Repository files navigation

Comparative Evaluation of Retrieval Strategies for RAG

A reproducible machine learning benchmark that compares four retrieval strategies for Retrieval-Augmented Generation (RAG) on the BEIR SciFact dataset. The project measures retrieval quality with RAGAS metrics and tracks retrieval and end-to-end latency across pipelines.

Project Overview

This project evaluates how different retrieval methods affect RAG answer quality on financial question-answering data.

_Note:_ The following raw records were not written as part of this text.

lemma lipschitz_on_setdist_cube:
  fixes a :: "'a::euclidean_space"
  shows "(norm (One::'a))-lipschitz_on {0<..} (\<lambda>s. setdist (cube a s) \<Omega>)"
proof (rule lipschitz_onI)
  fix s t :: real assume "s \<in> {0<..}" "t \<in> {0<..}"
  then have "setdist (cube a t) \<Omega> \<le> setdist (cube a s) \<Omega> + \<bar>s - t\<bar> * norm (One::'a)"
    and "setdist (cube a s) \<Omega> \<le> setdist (cube a t) \<Omega> + \<bar>s - t\<bar> * norm (One::'a)"
    using setdist_cube_le[of s t a \<Omega>] setdist_cube_le[of t s a \<Omega>] abs_minus_commute[of t s] by auto
  then show "dist (setdist (cube a s) \<Omega>) (setdist (cube a t) \<Omega>) \<le> norm (One::'a) * dist s t"
    unfolding dist_real_def abs_le_iff mult.commute[of "norm (One::'a)"] by linarith
qed simp

lemma ex_unit_interval_index:
  fixes u :: real and k :: nat
  assumes "0 \<le> u" "u \<le> real k" "1 \<le> k"
  shows "\<exists>j<k. real j \<le> u \<and> u \<le> real j + 1"
proof (cases "u < real k")
  case True
  with assms show ?thesis
    by (intro exI[of _ "nat \<lfloor>u\<rfloor>"]) (auto simp: nat_less_iff floor_less_iff)
next
  case False
  with assms show ?thesis by (intro exI[of _ "k - 1"]) (auto simp: of_nat_diff)
qed

lemma cube_eq_Union_subcubes:
  fixes a :: "'a::euclidean_space" and k :: nat
  assumes k: "1 \<le> k" and l: "0 < l"
  shows "\<exists>F. finite F \<and> card F \<le> k ^ DIM('a) \<and> \<Union>F = cube a l \<and> (\<forall>S\<in>F. \<exists>b. S = cube b (l / k))"
proof -
  define h where "h = l / k"
  have h: "0 < h" "real k * h = l" unfolding h_def using k l by auto
  define c where "c j = a + (\<Sum>i\<in>Basis. (h * real (j i)) *\<^sub>R i)" for j :: "'a \<Rightarrow> nat"
  have mem_subcube: "x \<in> cube (c j) h \<longleftrightarrow>
      (\<forall>i\<in>Basis. h * real (j i) \<le> (x - a) \<bullet> i \<and> (x - a) \<bullet> i \<le> h * real (j i) + h)" for x j
    unfolding mem_cube c_def
    by (simp add: inner_simps inner_sum_left inner_Basis if_distrib[of "\<lambda>x. _ * x"] sum.delta
        cong: if_cong) (auto simp: algebra_simps)
  define J where "J = PiE (Basis::'a set) (\<lambda>_. {..<k})"
  define F where "F = (\<lambda>j. cube (c j) h) ` J"
  have "finite J" unfolding J_def by (simp add: finite_PiE)
  then have "finite F" unfolding F_def by simp
  moreover have "card F \<le> k ^ DIM('a)"
    using card_image_le[OF \<open>finite J\<close>] unfolding F_def J_def by (simp add: card_PiE)
  moreover have "\<Union>F \<subseteq> cube a l"
  proof (clarsimp simp: F_def)
    fix j y assume "j \<in> J" "y \<in> cube (c j) h"
    show "y \<in> cube a l" unfolding mem_cube
    proof
      fix i :: 'a assume i: "i \<in> Basis"
      have "real (j i) + 1 \<le> real k" using \<open>j \<in> J\<close> i unfolding J_def by (auto simp: PiE_iff)
      then have "h * real (j i) + h \<le> l" using h mult_left_mono[of "real (j i) + 1" k h]
        by (simp add: algebra_simps)
      moreover have "0 \<le> h * real (j i)" using h by simp
      moreover have "h * real (j i) \<le> (y - a) \<bullet> i" "(y - a) \<bullet> i \<le> h * real (j i) + h"
        using \<open>y \<in> cube (c j) h\<close> i unfolding mem_subcube by auto
      ultimately show "a \<bullet> i \<le> y \<bullet> i \<and> y \<bullet> i \<le> a \<bullet> i + l"
        unfolding inner_diff_left by linarith
    qed
  qed
  moreover have "cube a l \<subseteq> \<Union>F"
  proof
    fix x assume x: "x \<in> cube a l"
    have "\<forall>i\<in>Basis. \<exists>n<k. real n \<le> ((x - a) \<bullet> i) / h \<and> ((x - a) \<bullet> i) / h \<le> real n + 1"
    proof
      fix i :: 'a assume "i \<in> Basis"
      with x have "0 \<le> ((x - a) \<bullet> i) / h" "((x - a) \<bullet> i) / h \<le> real k"
        using h by (auto simp: mem_cube inner_simps field_simps)
      then show "\<exists>n<k. real n \<le> ((x - a) \<bullet> i) / h \<and> ((x - a) \<bullet> i) / h \<le> real n + 1"
        using ex_unit_interval_index k by blast
    qed
    then obtain j where j: "\<forall>i\<in>Basis. j i < k \<and> real (j i) \<le> ((x - a) \<bullet> i) / h \<and>
        ((x - a) \<bullet> i) / h \<le> real (j i) + 1"
      by metis
    have "restrict j Basis \<in> J" using j unfolding J_def by auto
    moreover have "x \<in> cube (c (restrict j Basis)) h"
      unfolding mem_subcube using j h by (simp add: field_simps)
    ultimately show "x \<in> \<Union>F" unfolding F_def by blast
  qed
  moreover have "\<forall>S\<in>F. \<exists>b. S = cube b (l / k)" unfolding F_def h_def by blast
  ultimately show ?thesis by (intro exI[of _ F]) auto
qed

lemma whitney_cubes_subcube:
  fixes Q S :: "'a::euclidean_space set"
  assumes Q: "Q \<in> whitney_cubes \<Omega> r1 r2" and S: "S \<in> cubes" "S \<subseteq> Q"
    and diam: "diameter Q = k * diameter S"
  shows "S \<in> whitney_cubes \<Omega> (k * r1) (k * (r2 + 1))"
proof -
  have "Q \<in> cubes" using Q unfolding whitney_cubes_def by blast
  have "setdist Q \<Omega> \<le> setdist S \<Omega>"
    using S by (intro setdist_subset_left) (auto dest: cubesD)
  moreover have "setdist S \<Omega> \<le> setdist Q \<Omega> + diameter Q"
  proof (rule setdist_le_setdist_add)
    show "Q \<noteq> {}" using cubesD[OF \<open>Q \<in> cubes\<close>] by blast
    obtain y where "y \<in> S" using cubesD[OF \<open>S \<in> cubes\<close>] by blast
    then show "\<forall>x\<in>Q. \<exists>y\<in>S. dist x y \<le> diameter Q"
      using S(2) cubesD[OF \<open>Q \<in> cubes\<close>] by (blast intro: diameter_bounded_bound compact_imp_bounded)
  qed
  ultimately show ?thesis
    using Q S(1) unfolding whitney_cubes_def by (simp add: diam algebra_simps)
qed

Four pipelines are compared:

Method Description
BM25 Lexical sparse retrieval
Dense Embedding-based semantic retrieval (FAISS)
Hybrid BM25 + Dense fused with Reciprocal Rank Fusion
Hybrid + Reranker Hybrid retrieval with cross-encoder reranking

Each pipeline retrieves documents, generates answers with Gemini 2.5 Flash, and is scored with RAGAS metrics. Results are exported as CSV leaderboards and matplotlib visualizations.

Architecture Diagram

┌─────────────────────────────────────────────────────────────────────┐
│                        experiments/run_all.py                       │
│                     (Unified Experiment Runner)                     │
└─────────────────────────────────────────────────────────────────────┘
                                    │
          ┌─────────────────────────┼─────────────────────────┐
          ▼                         ▼                         ▼
┌──────────────────┐    ┌──────────────────┐    ┌──────────────────┐
│   ingestion/     │    │   retrieval/     │    │   generation/    │
│  load_beir.py    │    │   bm25.py        │    │ gemini_generator │
│  embeddings.py   │    │   dense.py       │    │       .py        │
└──────────────────┘    │   hybrid.py      │    └──────────────────┘
          │             │   reranker.py    │              │
          │             └──────────────────┘              │
          │                         │                       │
          └─────────────────────────┼───────────────────────┘
                                    ▼
                    ┌───────────────────────────────┐
                    │         evaluation/           │
                    │  ragas_eval.py                │
                    │  latency_eval.py              │
                    └───────────────────────────────┘
                                    │
                                    ▼
                    ┌───────────────────────────────┐
                    │       visualization/          │
                    │      leaderboard.py           │
                    └───────────────────────────────┘
                                    │
                                    ▼
                         results/leaderboard.csv
                         results/leaderboard.png

Retrieval Pipelines

Pipeline 1: BM25

Query → BM25 (rank-bm25) → Top-K Documents

Tokenizes corpus and queries, ranks documents by BM25 relevance scores.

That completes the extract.